___ MATERIAL FOR THIS TASK

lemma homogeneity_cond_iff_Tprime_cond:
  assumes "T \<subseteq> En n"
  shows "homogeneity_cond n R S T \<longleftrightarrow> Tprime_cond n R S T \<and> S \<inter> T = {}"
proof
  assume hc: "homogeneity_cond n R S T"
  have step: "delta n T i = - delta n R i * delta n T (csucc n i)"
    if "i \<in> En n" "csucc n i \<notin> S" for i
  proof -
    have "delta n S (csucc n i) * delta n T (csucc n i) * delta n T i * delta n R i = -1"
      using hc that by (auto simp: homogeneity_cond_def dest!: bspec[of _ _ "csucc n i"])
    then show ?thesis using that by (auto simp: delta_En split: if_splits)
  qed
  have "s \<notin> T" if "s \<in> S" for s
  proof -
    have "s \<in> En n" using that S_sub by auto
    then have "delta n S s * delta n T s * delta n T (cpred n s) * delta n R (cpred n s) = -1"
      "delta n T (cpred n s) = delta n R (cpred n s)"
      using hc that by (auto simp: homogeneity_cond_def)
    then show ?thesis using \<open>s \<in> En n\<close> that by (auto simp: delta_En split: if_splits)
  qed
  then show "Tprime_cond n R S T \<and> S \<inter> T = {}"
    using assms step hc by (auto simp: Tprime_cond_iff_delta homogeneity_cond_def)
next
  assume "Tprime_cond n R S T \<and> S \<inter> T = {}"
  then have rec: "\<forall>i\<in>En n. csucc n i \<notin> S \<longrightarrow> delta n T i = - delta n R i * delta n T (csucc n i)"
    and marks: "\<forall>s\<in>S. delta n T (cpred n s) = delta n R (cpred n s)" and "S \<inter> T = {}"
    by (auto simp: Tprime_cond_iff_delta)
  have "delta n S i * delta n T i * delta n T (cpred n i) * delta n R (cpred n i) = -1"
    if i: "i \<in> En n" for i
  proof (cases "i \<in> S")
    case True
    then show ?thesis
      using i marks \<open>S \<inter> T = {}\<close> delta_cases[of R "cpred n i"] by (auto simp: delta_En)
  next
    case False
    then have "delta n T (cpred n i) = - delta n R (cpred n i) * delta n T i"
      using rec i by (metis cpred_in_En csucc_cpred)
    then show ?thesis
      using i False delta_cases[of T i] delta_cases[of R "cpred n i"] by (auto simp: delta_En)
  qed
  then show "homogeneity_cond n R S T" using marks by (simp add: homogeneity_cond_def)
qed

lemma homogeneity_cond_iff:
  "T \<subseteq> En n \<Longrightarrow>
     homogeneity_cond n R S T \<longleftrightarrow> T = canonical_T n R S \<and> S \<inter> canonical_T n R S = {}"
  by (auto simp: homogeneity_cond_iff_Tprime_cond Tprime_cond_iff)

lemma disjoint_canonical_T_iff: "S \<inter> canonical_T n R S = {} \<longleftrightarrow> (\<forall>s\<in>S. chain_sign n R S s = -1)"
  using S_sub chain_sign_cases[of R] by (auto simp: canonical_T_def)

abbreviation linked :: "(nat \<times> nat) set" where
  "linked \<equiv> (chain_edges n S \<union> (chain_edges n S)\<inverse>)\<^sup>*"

______

▶ _HOW TO COMPLETE THIS TASK_
The answer must be the full listing, repeated word for word.

▶ _THE ANSWER_
lemma homogeneity_cond_iff_Tprime_cond:
  assumes "T \<subseteq> En n"
  shows "homogeneity_cond n R S T \<longleftrightarrow> Tprime_cond n R S T \<and> S \<inter> T = {}"
proof
  assume hc: "homogeneity_cond n R S T"
  have step: "delta n T i = - delta n R i * delta n T (csucc n i)"
    if "i \<in> En n" "csucc n i \<notin> S" for i
  proof -
    have "delta n S (csucc n i) * delta n T (csucc n i) * delta n T i * delta n R i = -1"
      using hc that by (auto simp: homogeneity_cond_def dest!: bspec[of _ _ "csucc n i"])
    then show ?thesis using that by (auto simp: delta_En split: if_splits)
  qed
  have "s \<notin> T" if "s \<in> S" for s
  proof -
    have "s \<in> En n" using that S_sub by auto
    then have "delta n S s * delta n T s * delta n T (cpred n s) * delta n R (cpred n s) = -1"
      "delta n T (cpred n s) = delta n R (cpred n s)"
      using hc that by (auto simp: homogeneity_cond_def)
    then show ?thesis using \<open>s \<in> En n\<close> that by (auto simp: delta_En split: if_splits)
  qed
  then show "Tprime_cond n R S T \<and> S \<inter> T = {}"
    using assms step hc by (auto simp: Tprime_cond_iff_delta homogeneity_cond_def)
next
  assume "Tprime_cond n R S T \<and> S \<inter> T = {}"
  then have rec: "\<forall>i\<in>En n. csucc n i \<notin> S \<longrightarrow> delta n T i = - delta n R i * delta n T (csucc n i)"
    and marks: "\<forall>s\<in>S. delta n T (cpred n s) = delta n R (cpred n s)" and "S \<inter> T = {}"
    by (auto simp: Tprime_cond_iff_delta)
  have "delta n S i * delta n T i * delta n T (cpred n i) * delta n R (cpred n i) = -1"
    if i: "i \<in> En n" for i
  proof (cases "i \<in> S")
    case True
    then show ?thesis
      using i marks \<open>S \<inter> T = {}\<close> delta_cases[of R "cpred n i"] by (auto simp: delta_En)
  next
    case False
    then have "delta n T (cpred n i) = - delta n R (cpred n i) * delta n T i"
      using rec i by (metis cpred_in_En csucc_cpred)
    then show ?thesis
      using i False delta_cases[of T i] delta_cases[of R "cpred n i"] by (auto simp: delta_En)
  qed
  then show "homogeneity_cond n R S T" using marks by (simp add: homogeneity_cond_def)
qed

lemma homogeneity_cond_iff:
  "T \<subseteq> En n \<Longrightarrow>
     homogeneity_cond n R S T \<longleftrightarrow> T = canonical_T n R S \<and> S \<inter> canonical_T n R S = {}"
  by (auto simp: homogeneity_cond_iff_Tprime_cond Tprime_cond_iff)

lemma disjoint_canonical_T_iff: "S \<inter> canonical_T n R S = {} \<longleftrightarrow> (\<forall>s\<in>S. chain_sign n R S s = -1)"
  using S_sub chain_sign_cases[of R] by (auto simp: canonical_T_def)

abbreviation linked :: "(nat \<times> nat) set" where
  "linked \<equiv> (chain_edges n S \<union> (chain_edges n S)\<inverse>)\<^sup>*"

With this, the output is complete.